New Books by Maine Authors
Tis the season for new releases! Check out these new titles from your favorite Maine Authors:
Paul Doiron- The Precipice
The latest in Doiron’s Mike Bowditch crime series, The Precipice was published June 16 by Minotaur Books.
“When two female hikers disappear in the Hundred Mile WIlderness-the most remote stretch along the entire Appalachian Trail-Maine game warden Mike Bowditch joins the desperate search to find them.
Hope turns to despair after two unidentified corpses are discovered-their bones picked clean by coyotes. Do the bodies belong to the missing hikers? And were they killed by the increasingly aggressive wild dogs?

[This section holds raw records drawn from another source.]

(* Let $f$ be the map defined in the context. Then: (i) $f$ is continuous at every nega-$Q$-irrational point of $[a_0-1,a_0]$; (ii) if $q_n=q$ for all positive integers $n$, then $f$ is continuous at every point of $[a_0-1,a_0]$ (including all nega-$Q$-rational points); (iii) if $x_0=\Delta^{-Q}_{\varepsilon_1\ldots\varepsilon_{m-1}\varepsilon_m[q_{m+1}-1]0[q_{m+3}-1]0[q_{m+5}-1]\ldots}=\Delta^{-Q}_{\varepsilon_1\ldots\varepsilon_{m-1}[\varepsilon_m-1]0[q_{m+2}-1]0[q_{m+4}-1]0\ldots}$ (with $\varepsilon_m\ge 1$) is a nega-$Q$-rational point and there exists a positive integer $n>m$ with $q_n<q$, then $x_0$ is a point of discontinuity of $f$.
   Context: Let $Q=(q_k)_{k\ge1}$ be a sequence of integers with $q_k\ge 2$, and let $q\ge 2$ be an integer with $q_k\le q$ for all $k$. Put $a_0=\sum_{k\ge1}\frac{q_{2k}-1}{q_1q_2\cdots q_{2k}}$. Every $x\in[a_0-1,a_0]$ can be written as an alternating Cantor series (nega-$Q$-representation) $x=\Delta^{-Q}_{\varepsilon_1\varepsilon_2\ldots}:=\sum_{k\ge1}\frac{(-1)^k\varepsilon_k}{q_1q_2\cdots q_k}$ with digits $\varepsilon_k\in\{0,1,\ldots,q_k-1\}$. A point is called nega-$Q$-rational if it has two representations, namely $\Delta^{-Q}_{\varepsilon_1\ldots\varepsilon_{m-1}\varepsilon_m[q_{m+1}-1]0[q_{m+3}-1]0[q_{m+5}-1]\ldots}=\Delta^{-Q}_{\varepsilon_1\ldots\varepsilon_{m-1}[\varepsilon_m-1]0[q_{m+2}-1]0[q_{m+4}-1]0\ldots}$; all other points (nega-$Q$-irrational) have a unique representation. Convention: for nega-$Q$-rational points, only the first of these two representations (the one ending in $\varepsilon_m[q_{m+1}-1]0[q_{m+3}-1]0\ldots$) is used. The nega-$q$-ary representation is $\Delta^{-q}_{\alpha_1\alpha_2\ldots}:=\sum_{k\ge1}\frac{\alpha_k}{(-q)^k}$ with $\alpha_k\in\{0,\ldots,q-1\}$. The map $f:[a_0-1,a_0]\to\mathbb R$ is defined by $f\left(\Delta^{-Q}_{\varepsilon_1\varepsilon_2\ldots}\right)=\Delta^{-q}_{\varepsilon_1\varepsilon_2\ldots}=\sum_{n\ge1}\frac{\varepsilon_n}{(-q)^n}$. *)

theory Defs
  imports "HOL-Analysis.Analysis"
begin

text \<open>Sequences Q, digit sequences eps are functions nat => nat; only indices k >= 1 matter.\<close>

definition prodQ :: "(nat \<Rightarrow> nat) \<Rightarrow> nat \<Rightarrow> real" where
  "prodQ Q k = (\<Prod>i\<in>{1..k}. real (Q i))"

definition valid_digits :: "(nat \<Rightarrow> nat) \<Rightarrow> (nat \<Rightarrow> nat) \<Rightarrow> bool" where
  "valid_digits Q eps \<longleftrightarrow> (\<forall>k\<ge>1. eps k < Q k)"

definition negaQ :: "(nat \<Rightarrow> nat) \<Rightarrow> (nat \<Rightarrow> nat) \<Rightarrow> real" where
  "negaQ Q eps = (\<Sum>n. (-1) ^ Suc n * real (eps (Suc n)) / prodQ Q (Suc n))"

definition negaq :: "nat \<Rightarrow> (nat \<Rightarrow> nat) \<Rightarrow> real" where
  "negaq q alpha = (\<Sum>n. real (alpha (Suc n)) / (- real q) ^ Suc n)"

definition a0 :: "(nat \<Rightarrow> nat) \<Rightarrow> real" where
  "a0 Q = (\<Sum>n. (real (Q (2 * Suc n)) - 1) / prodQ Q (2 * Suc n))"

definition rational_pair :: "(nat \<Rightarrow> nat) \<Rightarrow> (nat \<Rightarrow> nat) \<Rightarrow> (nat \<Rightarrow> nat) \<Rightarrow> nat \<Rightarrow> bool" where
  "rational_pair Q eps eps' m \<longleftrightarrow>
     1 \<le> m \<and> 1 \<le> eps m \<and>
     (\<forall>k. 1 \<le> k \<and> k < m \<longrightarrow> eps' k = eps k) \<and>
     eps' m = eps m - 1 \<and>
     (\<forall>j. eps (m + 2*j + 1) = Q (m + 2*j + 1) - 1 \<and> eps (m + 2*j + 2) = 0) \<and>
     (\<forall>j. eps' (m + 2*j + 1) = 0 \<and> eps' (m + 2*j + 2) = Q (m + 2*j + 2) - 1)"

definition negaQ_rational :: "(nat \<Rightarrow> nat) \<Rightarrow> real \<Rightarrow> bool" where
  "negaQ_rational Q x \<longleftrightarrow>
     (\<exists>eps eps' m. valid_digits Q eps \<and> valid_digits Q eps' \<and> rational_pair Q eps eps' m \<and>
        negaQ Q eps = x \<and> negaQ Q eps' = x)"

text \<open>The representation used by convention: an admissible representation of x which is not
  the second representation (eps') of a nega-Q-rational pair. Digits at index 0 are normalised to 0.\<close>
definition used_repr :: "(nat \<Rightarrow> nat) \<Rightarrow> (nat \<Rightarrow> nat) \<Rightarrow> bool" where
  "used_repr Q eps \<longleftrightarrow> valid_digits Q eps \<and> eps 0 = 0 \<and>
     \<not> (\<exists>e m. valid_digits Q e \<and> rational_pair Q e eps m)"

definition fmap :: "(nat \<Rightarrow> nat) \<Rightarrow> nat \<Rightarrow> real \<Rightarrow> real" where
  "fmap Q q x = negaq q (THE eps. used_repr Q eps \<and> negaQ Q eps = x)"

end

theory Submission
  imports Defs
begin

text \<open>
  Admissible digit sequences take their values in \<open>[m, M]\<close>, where \<open>M = a\<^sub>0\<close> is attained by
  the maximal digits at the even places and \<open>m = M - 1\<close> by the maximal digits at the odd places;
  the same holds for every tail series.  If two sequences first differ at place \<open>n\<close>, their values
  differ by \<open>\<plusminus>(\<epsilon>\<^sub>n - \<epsilon>'\<^sub>n + tail difference) / (q\<^sub>1\<cdots>q\<^sub>n)\<close>, and since the tails lie in a unit
  interval, equal values force the two tails to be extremal, i.e. a nega-\<open>Q\<close>-rational pair.  With a
  greedy digit algorithm this shows that \<open>f\<close> is well defined.

  At an irrational point no tail of the representation is extremal, so nearby points share any
  prescribed number of leading digits, and the nega-\<open>q\<close>-ary value depends continuously on digit
  prefixes.  For constant bases \<open>f\<close> is the identity.  At a rational point, \<open>f\<close> evaluates the two
  extremal tails with the weights \<open>q\<^sup>-\<^sup>k\<close> instead of \<open>(q\<^sub>m\<^sub>+\<^sub>1\<cdots>q\<^sub>m\<^sub>+\<^sub>k)\<^sup>-\<^sup>1\<close>; if some later
  \<open>q\<^sub>n < q\<close> their difference drops below \<open>1\<close>, so the two representations have different images,
  and truncations of the second one approach the point while their images approach the wrong value.
\<close>

section \<open>Tails and extremal digit sequences\<close>

definition cantor_bases :: "(nat \<Rightarrow> nat) \<Rightarrow> bool" where
  "cantor_bases Q \<longleftrightarrow> (\<forall>k\<ge>1. 2 \<le> Q k)"

definition shift_seq :: "nat \<Rightarrow> (nat \<Rightarrow> 'a) \<Rightarrow> nat \<Rightarrow> 'a" where
  "shift_seq n f k = f (n + k)"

Soon, all of Maine is gripped with the fear of killer coyotes. But Bowditch has his doubts. His new girlfriend, wildlife biologist Stacey Stevens, insists the scavengers are being wrongly blamed. She believes a murderer may be hiding in the offbeat community of hikers, hippies, and woodsmen at the edge of the Hundred Mile Wilderness. When Stacey herself disappears along the Appalachian Trail, the hunt for answers becomes personal.
Can Mike Bowditch find the woman he loves before the most dangerous animal in the North Woods strikes again?”
David McCullough – The Wright Brothers
The newest title from acclaimed historical writer McCullough, The Wright Brothers was released May 5 by Simon & Schuster.
“On a winter day in 1903, in the Outer Banks of North Carolina, two unknown brothers from Ohio changed history. But it would take the world some time to believe what had happened: the age of flight had begun, with the first heavier-than-air, powered machine carrying a pilot.
Who were these men and how was it that they achieved what they did? David McCullough, two-time winner of the Pulitzer Prize, tells the surprising, profoundly American story of Wilbur and Orville Wright.
Far more than a couple of unschooled Dayton bicycle mechanics who happened to hit on success, they were men of exceptional courage and determination, and of far-ranging intellectual interests and ceaseless curiosity, much of which they attributed to their upbringing. The house they lived in had no electricity or indoor plumbing, but there were books aplenty, supplied mainly by their preacher father, and they never stopped reading.
When they worked together, no problem seemed to be insurmountable. Wilbur was unquestionably a genius. Orville had such mechanical ingenuity as few had ever seen. That they had no more than a public high school education, little money and no contacts in high places, never stopped them in their “mission” to take to the air. Nothing did, not even the self-evident reality that every time they took off in one of their contrivances, they risked being killed.
In this thrilling book, master historian David McCullough draws on the immense riches of the Wright Papers, including private diaries, notebooks, scrapbooks, and more than a thousand letters from private family correspondence to tell the human side of the Wright Brothers’ story, including the little-known contributions of their sister, Katharine, without whom things might well have gone differently for them.”
Stephen King – Finders Keepers
A follow-up to last year’s best-seller Mr. Mercedes, Finders Keepers was released June 2 by Scribner Book Company.
“”Wake up, genius.” So begins King’s instantly riveting story about a vengeful reader. The genius is John Rothstein, an iconic author who created a famous character, Jimmy Gold, but who hasn’t published a book for decades. Morris Bellamy is livid, not just because Rothstein has stopped providing books, but because the nonconformist Jimmy Gold has sold out for a career in advertising. Morris kills Rothstein and empties his safe of cash, yes, but the real treasure is a trove of notebooks containing at least one more Gold novel.
Morris hides the money and the notebooks, and then he is locked away for another crime. Decades later, a boy named Pete Saubers finds the treasure, and now it is Pete and his family that Bill Hodges, Holly Gibney, and Jerome Robinson must rescue from the ever-more deranged and vengeful Morris when he’s released from prison after thirty-five years.
Not since “Misery” has King played with the notion of a reader whose obsession with a writer gets dangerous. “Finders Keepers” is spectacular, heart-pounding suspense, but it is also King writing about how literature shapes a life–for good, for bad, forever.”